- _Exercise_: Extract each line from the entries below that has the string "close" in it.
○ ○ ○ ○ ○ ○ ○
lemma solvable_ideal_eq_0:
  "super_ideal sc E Od br I \<Longrightarrow> (derived sc br ^^ n) I = {0} \<Longrightarrow> I = {0}"
proof (induction n arbitrary: I)
  case 0
  then show ?case by simp
next
  case (Suc n)
  have "(derived sc br ^^ n) (derived sc br I) = {0}"
    using Suc.prems(2) by (simp only: funpow_Suc_right comp_def)
  then have derived_0: "derived sc br I = {0}" using Suc.IH derived_ideal Suc.prems(1) by blast
  have abelian: "br b a = 0" if "a \<in> I" "b \<in> I" for a b
  proof -
    have "br b a \<in> {br x y | x y. x \<in> I \<and> y \<in> I}" using that by blast
    then have "br b a \<in> derived sc br I" unfolding derived_def by (rule span_base)
    then show ?thesis using derived_0 by simp
  qed
  show ?case
  proof (cases "I = {0}")
    case False
    show ?thesis by (rule ideal_eq_0_if_annihilated_by_ideal[OF Suc.prems(1) Suc.prems(1) False abelian])
  qed
qed

lemma semisimple_algebra: "semisimple sc E Od br"
  unfolding semisimple_def solvable_def using solvable_ideal_eq_0 by blast

lemma ideal_eq_0_if_disjoint_from_nonzero_ideal:
  assumes "super_ideal sc E Od br I" "super_ideal sc E Od br J" "J \<noteq> {0}" "I \<inter> J = {0}"
  shows "I = {0}"
proof (rule ideal_eq_0_if_annihilated_by_ideal[OF assms(1-3)])
  show "br j i = 0" if "i \<in> I" "j \<in> J" for i j
    using that ideal_br_right[OF assms(1)] ideal_br_left[OF assms(2)] assms(4) by blast
qed

end

theorem corollary2p2:
  fixes sc :: "complex \<Rightarrow> 'v::ab_group_add \<Rightarrow> 'v"
    and E Od L0 :: "'v set" and br :: "'v \<Rightarrow> 'v \<Rightarrow> 'v"
  assumes "lie_superalgebra sc E Od br"
    and "nonlinear_primitive sc E Od br L0"
  shows "semisimple sc E Od br \<and>
    \<not> (\<exists>I J. super_ideal sc E Od br I \<and> super_ideal sc E Od br J \<and>
           I \<noteq> {0} \<and> J \<noteq> {0} \<and> I \<inter> J = {0} \<and>
           (\<forall>v. \<exists>x\<in>I. \<exists>y\<in>J. v = x + y))"
proof -
  interpret nonlinear_primitive_pair sc E Od br L0
    using assms by (simp add: nonlinear_primitive_pair_def nonlinear_primitive_pair_axioms_def
        super_lie_algebra_def)
  show ?thesis using semisimple_algebra ideal_eq_0_if_disjoint_from_nonzero_ideal by blast
qed

end
lemma smult_vec_right_cancel:
  fixes a b :: "'a::idom"
  assumes "v \<in> carrier_vec n" "v \<noteq> 0\<^sub>v n" "a \<cdot>\<^sub>v v = b \<cdot>\<^sub>v v"
  shows "a = b"
proof -
  obtain i where "i < n" "v $ i \<noteq> 0"
    using assms(1,2) by (metis carrier_vecD eq_vecI index_zero_vec)
  then show ?thesis
    using arg_cong[OF assms(3), of "\<lambda>x. x $ i"] assms(1) by auto
qed

lemma eigenvector_smult_mat:
  fixes A :: "'a::field mat"
  assumes A: "A \<in> carrier_mat n n" and c: "c \<noteq> 0" and ev: "eigenvector (c \<cdot>\<^sub>m A) v e"
  shows "eigenvector A v (e / c)"
proof -
  have v: "v \<in> carrier_vec n" "v \<noteq> 0\<^sub>v n" "c \<cdot>\<^sub>v (A *\<^sub>v v) = e \<cdot>\<^sub>v v"
    using ev A smult_mat_mult_vec[OF A] by (auto simp: eigenvector_def)
  have "A *\<^sub>v v = inverse c \<cdot>\<^sub>v (c \<cdot>\<^sub>v (A *\<^sub>v v))"
    using c by (simp add: smult_smult_assoc)
  also have "\<dots> = (e / c) \<cdot>\<^sub>v v"
    using v(3) by (simp add: smult_smult_assoc field_simps)
  finally show ?thesis
    using v A by (simp add: eigenvector_def)
qed

lemma det_nonzero_imp_inverse:
  fixes A :: "'a::field mat"
  assumes "A \<in> carrier_mat n n" "det A \<noteq> 0"
  shows "\<exists>M \<in> carrier_mat n n. A * M = 1\<^sub>m n \<and> M * A = 1\<^sub>m n"
  using det_non_zero_imp_unit[OF assms, of undefined] assms(1)
  unfolding Units_def by (auto simp: ring_mat_simps)

lemma odd_degree_real_poly_root:
  fixes p :: "real poly"
  assumes "odd (degree p)"
  shows "\<exists>x. poly p x = 0"
proof -
  define q where "q = Polynomial.smult (sgn (lead_coeff p)) p"
  have "p \<noteq> 0" using assms by auto
  then have lq: "lead_coeff q > 0" and dq: "degree q = degree p" and root: "poly q x = 0 \<longleftrightarrow> poly p x = 0" for x
    by (auto simp: q_def sgn_if mult_less_0_iff)
  define r where "r = - pcompose q [:0, -1:]"
  have "lead_coeff (pcompose q [:0, -1:]) = lead_coeff q * lead_coeff [:0, -1 :: real:] ^ degree q"
    by (rule lead_coeff_comp) simp
  then have "lead_coeff r > 0"
    using lq assms dq by (simp add: r_def)
  obtain x1 where x1: "\<forall>x\<ge>x1. poly q x \<ge> lead_coeff q" using poly_pinfty_gt_lc[OF lq] by auto
  obtain x2 where x2: "\<forall>x\<ge>x2. poly r x \<ge> lead_coeff r"
    using poly_pinfty_gt_lc[OF \<open>lead_coeff r > 0\<close>] by auto
  define x where "x = max (max x1 x2) 1"
  have "poly q x \<ge> lead_coeff q" "poly r x \<ge> lead_coeff r"
    using x1 x2 by (simp_all add: x_def)
  then have "poly q x > 0" and "poly q (- x) < 0"
    using lq \<open>lead_coeff r > 0\<close> by (simp_all add: r_def poly_pcompose)
  moreover have "- x < x" by (simp add: x_def)
  ultimately obtain y where "poly q y = 0"
    using poly_IVT_pos[of "- x" x q] by blast
  then show ?thesis using root by blast
qed

lemma odd_dim_real_eigenvalue:
  fixes A :: "real mat"
  assumes "A \<in> carrier_mat n n" "odd n"
  shows "\<exists>l. eigenvalue A l"
  using odd_degree_real_poly_root[of "char_poly A"] eigenvalue_root_char_poly[OF assms(1)]
    degree_monic_char_poly[OF assms(1)] assms(2) by auto

section \<open>Kronecker products\<close>

definition kron_mat :: "'a::comm_ring_1 mat \<Rightarrow> 'a mat \<Rightarrow> 'a mat" where
  "kron_mat A B = mat (dim_row A * dim_row B) (dim_col A * dim_col B)
     (\<lambda>(p, q). A $$ (p div dim_row B, q div dim_col B) * B $$ (p mod dim_row B, q mod dim_col B))"

definition kron_vec :: "'a::comm_ring_1 vec \<Rightarrow> 'a vec \<Rightarrow> 'a vec" where
  "kron_vec v w = vec (dim_vec v * dim_vec w) (\<lambda>p. v $ (p div dim_vec w) * w $ (p mod dim_vec w))"

lemma dim_kron_mat [simp]:
  "dim_row (kron_mat A B) = dim_row A * dim_row B"
  "dim_col (kron_mat A B) = dim_col A * dim_col B"
  by (simp_all add: kron_mat_def)

lemma kron_mat_carrier [simp]:
  "A \<in> carrier_mat k k' \<Longrightarrow> B \<in> carrier_mat d d' \<Longrightarrow> kron_mat A B \<in> carrier_mat (k * d) (k' * d')"
  by (intro carrier_matI) auto

lemma index_kron_mat [simp]:
  "p < dim_row A * dim_row B \<Longrightarrow> q < dim_col A * dim_col B \<Longrightarrow>
   kron_mat A B $$ (p, q) = A $$ (p div dim_row B, q div dim_col B) * B $$ (p mod dim_row B, q mod dim_col B)"
  by (simp add: kron_mat_def)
○ ○ ○ ○ ○ ○ ○
- _Finished task_:
    using poly_pinfty_gt_lc[OF \<open>lead_coeff r > 0\<close>] by auto
    using lq \<open>lead_coeff r > 0\<close> by (simp_all add: r_def poly_pcompose)
section \<open>Kronecker products\<close>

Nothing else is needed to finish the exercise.